• **INFORMATION GIVEN**
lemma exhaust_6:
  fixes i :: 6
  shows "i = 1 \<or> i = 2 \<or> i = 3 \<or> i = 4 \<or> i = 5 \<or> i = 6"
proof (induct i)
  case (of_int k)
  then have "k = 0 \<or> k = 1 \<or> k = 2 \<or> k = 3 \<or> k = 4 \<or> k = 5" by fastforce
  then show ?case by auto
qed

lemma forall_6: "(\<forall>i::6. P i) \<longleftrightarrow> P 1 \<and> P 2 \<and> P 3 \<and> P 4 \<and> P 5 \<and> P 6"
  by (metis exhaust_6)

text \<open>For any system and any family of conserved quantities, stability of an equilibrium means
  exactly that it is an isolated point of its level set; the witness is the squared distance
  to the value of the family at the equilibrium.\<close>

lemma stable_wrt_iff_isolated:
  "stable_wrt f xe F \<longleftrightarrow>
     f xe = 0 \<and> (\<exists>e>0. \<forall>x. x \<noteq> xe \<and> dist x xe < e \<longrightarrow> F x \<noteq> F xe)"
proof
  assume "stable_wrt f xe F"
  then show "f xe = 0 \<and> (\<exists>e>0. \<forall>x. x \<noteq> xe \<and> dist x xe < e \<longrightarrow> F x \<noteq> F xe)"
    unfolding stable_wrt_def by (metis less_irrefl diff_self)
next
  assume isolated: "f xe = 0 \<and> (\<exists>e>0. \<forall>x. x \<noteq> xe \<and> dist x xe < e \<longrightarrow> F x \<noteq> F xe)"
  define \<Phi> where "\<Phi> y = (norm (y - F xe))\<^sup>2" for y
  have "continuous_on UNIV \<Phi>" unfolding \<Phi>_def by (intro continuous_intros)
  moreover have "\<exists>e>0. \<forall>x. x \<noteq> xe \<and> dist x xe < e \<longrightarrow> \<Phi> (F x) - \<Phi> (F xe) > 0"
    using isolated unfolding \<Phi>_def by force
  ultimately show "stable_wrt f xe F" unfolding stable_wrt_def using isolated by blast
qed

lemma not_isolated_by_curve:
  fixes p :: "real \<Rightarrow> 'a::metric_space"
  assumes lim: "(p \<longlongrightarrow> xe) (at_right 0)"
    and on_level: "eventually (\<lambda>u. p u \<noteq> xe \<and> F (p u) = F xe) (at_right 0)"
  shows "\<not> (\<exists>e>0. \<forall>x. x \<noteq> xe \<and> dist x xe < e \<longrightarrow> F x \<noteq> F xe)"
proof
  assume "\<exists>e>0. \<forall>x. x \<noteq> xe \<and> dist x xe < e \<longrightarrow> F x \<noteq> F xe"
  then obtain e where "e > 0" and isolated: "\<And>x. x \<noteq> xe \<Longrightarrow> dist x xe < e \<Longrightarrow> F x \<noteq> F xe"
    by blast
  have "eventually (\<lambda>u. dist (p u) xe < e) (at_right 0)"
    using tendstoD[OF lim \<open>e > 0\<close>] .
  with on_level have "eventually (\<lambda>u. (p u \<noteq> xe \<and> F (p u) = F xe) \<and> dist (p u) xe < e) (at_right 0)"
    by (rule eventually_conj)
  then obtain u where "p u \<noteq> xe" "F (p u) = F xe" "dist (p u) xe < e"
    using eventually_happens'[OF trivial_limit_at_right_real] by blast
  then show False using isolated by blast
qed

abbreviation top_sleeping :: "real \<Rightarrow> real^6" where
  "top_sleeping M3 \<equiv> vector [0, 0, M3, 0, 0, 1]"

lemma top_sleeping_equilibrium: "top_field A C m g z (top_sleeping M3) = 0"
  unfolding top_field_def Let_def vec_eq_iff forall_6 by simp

• **REQUIRED ACTION**
The first line of the listing above through the line containing "xe F \<longleftrightarrow>": print exactly that, both ends included.

• **RESPONSE TO THIS TASK**
lemma exhaust_6:
  fixes i :: 6
  shows "i = 1 \<or> i = 2 \<or> i = 3 \<or> i = 4 \<or> i = 5 \<or> i = 6"
proof (induct i)
  case (of_int k)
  then have "k = 0 \<or> k = 1 \<or> k = 2 \<or> k = 3 \<or> k = 4 \<or> k = 5" by fastforce
  then show ?case by auto
qed

lemma forall_6: "(\<forall>i::6. P i) \<longleftrightarrow> P 1 \<and> P 2 \<and> P 3 \<and> P 4 \<and> P 5 \<and> P 6"
  by (metis exhaust_6)

text \<open>For any system and any family of conserved quantities, stability of an equilibrium means
  exactly that it is an isolated point of its level set; the witness is the squared distance
  to the value of the family at the equilibrium.\<close>

lemma stable_wrt_iff_isolated:
  "stable_wrt f xe F \<longleftrightarrow>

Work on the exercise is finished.